Sunday, January 9, 2022

Lovely Until You Realized

 



Come spend Father’s Day at our place, my mom suggested.  “That’s right.  It’s Father’s Day”, I thought, and I sold my wife on that concept.  And both she and my mom seemed to realize before I ever did that, in fact, Father’s Day doesn’t fall on this weekend.  Still, a dinner or late lunch over in Poughkeepsie would be good.  And we managed to head out not long after we said we’d be there, bringing a big watermelon along which we didn’t end up eating. 



There were chips and salsa on the table and the chips were that innovative kind, shaped like a bowl that you could scoop up ladles full of salsa with.  I guess I was hungry.  I must have had thirty.  Off to the left a sparrow had built a nest in the open light fixture above the door back into the kitchen.  The dad, or perhaps it was the mom, was off in the cedar tree, not far away, with various and sundry in his mouth scoping out the scene and then flying back to the little ones, loudly chirping away in the nest.  And it was all lovely until you realized, as pointed out by my mom, that they weren’t shutting up. 

 

I had nothing to drink besides soda water, but I quickly grew tired.  The claws of the nether world sunk into my shoulders summoning me in an uncompromising fashion.  This feeling wasn’t one I could just shake off.  I’ve grown used to rising long before the dawn for calls with one country or another and then, the afternoon proceeds the need for a nap becomes irresistible.  Normally I don’t resist at all.  And though I did for a while today, considering how it might be impolite, eventually I begged off and caught a cat nap in my sister’s old bedroom. 

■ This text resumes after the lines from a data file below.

lemma sign_conj:
  assumes "permutation \<theta>" and "permutation p"
  shows "sign (\<theta> \<circ> p \<circ> inv \<theta>) = sign p"
  using assms by (simp add: sign_compose sign_inverse permutation_compose permutation_inverse)

lemma sign_cycle_of_list:
  "distinct cs \<Longrightarrow> cs \<noteq> [] \<Longrightarrow> sign (cycle_of_list cs) = (-1) ^ (length cs - 1)"
proof (induction cs rule: cycle_of_list.induct)
  case (1 i j cs)
  have "sign (cycle_of_list (i # j # cs)) = sign (Transposition.transpose i j) * sign (cycle_of_list (j # cs))"
    by (simp add: sign_compose permutation_swap_id permutation_of_cycle)
  also have "\<dots> = (-1) ^ (length (i # j # cs) - 1)"
    using 1 by (simp add: sign_swap_id)
  finally show ?case .
qed auto

fun swap_pairs :: "'a list \<Rightarrow> 'a \<Rightarrow> 'a" where
  "swap_pairs (a # b # xs) = Transposition.transpose a b \<circ> swap_pairs xs"
| "swap_pairs _ = id"

lemma permutation_swap_pairs: "permutation (swap_pairs xs)"
  by (induction xs rule: swap_pairs.induct)
    (simp_all only: swap_pairs.simps permutation_compose permutation_swap_id permutation_id)

lemma swap_pairs_outside: "x \<notin> set xs \<Longrightarrow> swap_pairs xs x = x"
  by (induction xs rule: swap_pairs.induct) auto

lemma sign_swap_pairs: "distinct xs \<Longrightarrow> sign (swap_pairs xs) = (-1) ^ (length xs div 2)"
proof (induction xs rule: swap_pairs.induct)
  case (1 a b xs)
  have "sign (swap_pairs (a # b # xs)) = sign (Transposition.transpose a b) * sign (swap_pairs xs)"
    by (simp add: sign_compose permutation_swap_id permutation_swap_pairs)
  also have "\<dots> = (-1) ^ (length (a # b # xs) div 2)"
    using 1 by (simp add: sign_swap_id)
  finally show ?case .
qed auto

lemma swap_pairs_nth:
  assumes "distinct xs" and "even (length xs)" and "i < length xs"
  shows "swap_pairs xs (xs ! i) = xs ! (if even i then Suc i else i - 1)"
  using assms
proof (induction xs arbitrary: i rule: swap_pairs.induct)
  case (1 a b xs)
  show ?case
  proof (cases "i \<le> 1")
    case True
    then consider "i = 0" | "i = 1" by linarith
    then show ?thesis using 1 by cases (auto simp: swap_pairs_outside)
  next
    case False
    then obtain j where j: "i = Suc (Suc j)" by (metis Suc_pred less_Suc0 not_le not_less_eq One_nat_def)
    have "j < length xs" and "even (length xs)" using 1 j by simp_all
    moreover have IH: "swap_pairs xs (xs ! j) = xs ! (if even j then Suc j else j - 1)"
      using 1 \<open>j < length xs\<close> by simp
    ultimately have "xs ! (if even j then Suc j else j - 1) \<in> set xs"
      by (auto intro!: nth_mem) presburger
    moreover have "a \<notin> set xs" "b \<notin> set xs" using 1 by auto
    ultimately have "swap_pairs (a # b # xs) ((a # b # xs) ! i) = xs ! (if even j then Suc j else j - 1)"
      using IH j by (auto simp: transpose_eq_iff)
    then show ?thesis using j False by (cases j) auto
  qed
qed auto

locale list_cycle =
  fixes cs :: "'a list"
  assumes distinct_cs: "distinct cs" and length_ge_2: "2 \<le> length cs"
begin

abbreviation \<pi> :: "'a \<Rightarrow> 'a" where "\<pi> \<equiv> cycle_of_list cs"

lemma length_pos: "0 < length cs"
  using length_ge_2 by linarith

definition pt :: "nat \<Rightarrow> 'a" where "pt k = cs ! (k mod length cs)"

lemma pt_eq_iff: "pt a = pt b \<longleftrightarrow> a mod length cs = b mod length cs"
  using distinct_cs length_pos by (simp add: pt_def nth_eq_iff_index_eq)

lemma pt_add_length [simp]: "pt (k + length cs) = pt k"
  by (simp add: pt_def)

lemma pt_nth: "k < length cs \<Longrightarrow> pt k = cs ! k"
  by (simp add: pt_def)

lemma set_cs_eq: "set cs = range pt"
proof -
  have "pt k \<in> set cs" for k using length_pos by (simp add: pt_def)
  moreover have "x \<in> range pt" if "x \<in> set cs" for x
    using that by (metis in_set_conv_nth pt_nth rangeI)
  ultimately show ?thesis by blast
qed

lemma pt_Suc_length_pred: "pt (Suc (k + length cs - 1)) = pt k"
proof -
  have "Suc (k + length cs - 1) = k + length cs" using length_pos by simp
  then show ?thesis by simp
qed

lemma pt_Suc_Suc_neq: "3 \<le> length cs \<Longrightarrow> pt (Suc (Suc k)) \<noteq> pt k"
proof
  assume "3 \<le> length cs" and "pt (Suc (Suc k)) = pt k"
  then have "(k + 2) mod length cs = k mod length cs" by (simp add: pt_eq_iff)
  then have "length cs dvd 2" by (simp add: mod_eq_dvd_iff_nat)
  with \<open>3 \<le> length cs\<close> show False using dvd_imp_le[of "length cs" 2] by simp
qed

lemma cycle_pt [simp]: "\<pi> (pt k) = pt (Suc k)"
proof -
  have "map \<pi> cs = rotate1 cs" using cyclic_rotation[OF distinct_cs, of 1] length_pos by auto
  then have "\<pi> (cs ! (k mod length cs)) = rotate1 cs ! (k mod length cs)"
    using length_pos by (metis length_map mod_less_divisor nth_map)
  also have "\<dots> = pt (Suc k)" using length_pos by (simp add: pt_def nth_rotate1 mod_Suc_eq)
  finally show ?thesis unfolding pt_def .
qed

lemma bij_cycle: "bij \<pi>"
  by (simp add: permutation_bijective permutation_of_cycle)

lemma inv_cycle_pt [simp]: "inv \<pi> (pt (Suc k)) = pt k"
  by (rule inv_f_eq[OF bij_is_inj[OF bij_cycle]]) simp

lemma cycle_outside: "x \<notin> set cs \<Longrightarrow> \<pi> x = x \<and> inv \<pi> x = x"
  using permutes_not_in[OF cycle_permutes, of x cs] permutes_not_in[OF permutes_inv[OF cycle_permutes], of x cs]
  by simp

lemma cycle_in_S_perms: "\<pi> \<in> S_perms \<pi>"
  using permutes_subset[OF cycle_permutes subset_UNIV] by (auto simp: S_perms_def)

lemma inv_cycle_in_S_perms: "inv \<pi> \<in> S_perms \<pi>"
  using permutes_inv[OF permutes_subset[OF cycle_permutes subset_UNIV]] by (auto simp: S_perms_def)

lemma S_perms_outside: "p \<in> S_perms \<pi> \<Longrightarrow> x \<notin> set cs \<Longrightarrow> p x = x"
  using S_perms_cases[of p \<pi> x] cycle_outside[of x] by auto

definition forward :: "('a \<Rightarrow> 'a) \<Rightarrow> nat \<Rightarrow> bool" where
  "forward p k \<longleftrightarrow> p (pt k) = pt (Suc k)"

lemma S_perms_backward:
  "p \<in> S_perms \<pi> \<Longrightarrow> \<not> forward p (Suc k) \<Longrightarrow> p (pt (Suc k)) = pt k"
  using S_perms_cases[of p \<pi> "pt (Suc k)"] by (auto simp: forward_def)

And it was one of those naps that never seems to properly start.  Once I lay down, I stared about aimlessly waiting for sleep to assert itself.  Instead I explored the parameters of that stupid space where you try to sleep, because you are tired, and don’t seem to go anywhere, until finally you are on a train, going between cars, and you realize that you’ve left your backpack in another car, which was stupid and now you’ve got to go back through one and another train car and it becomes clear that this is not going to get you to the place where you left your backpack but that’s secondary because your now talking to someone who’s arrived, but the nagging sense of loss is an irresistible undercurrent of anxiety, tugging and then your wife comes back from shopping and notifies you that your mom has put dinner on the table.  “Yes.  Right.”  Sleep, if not especially restful.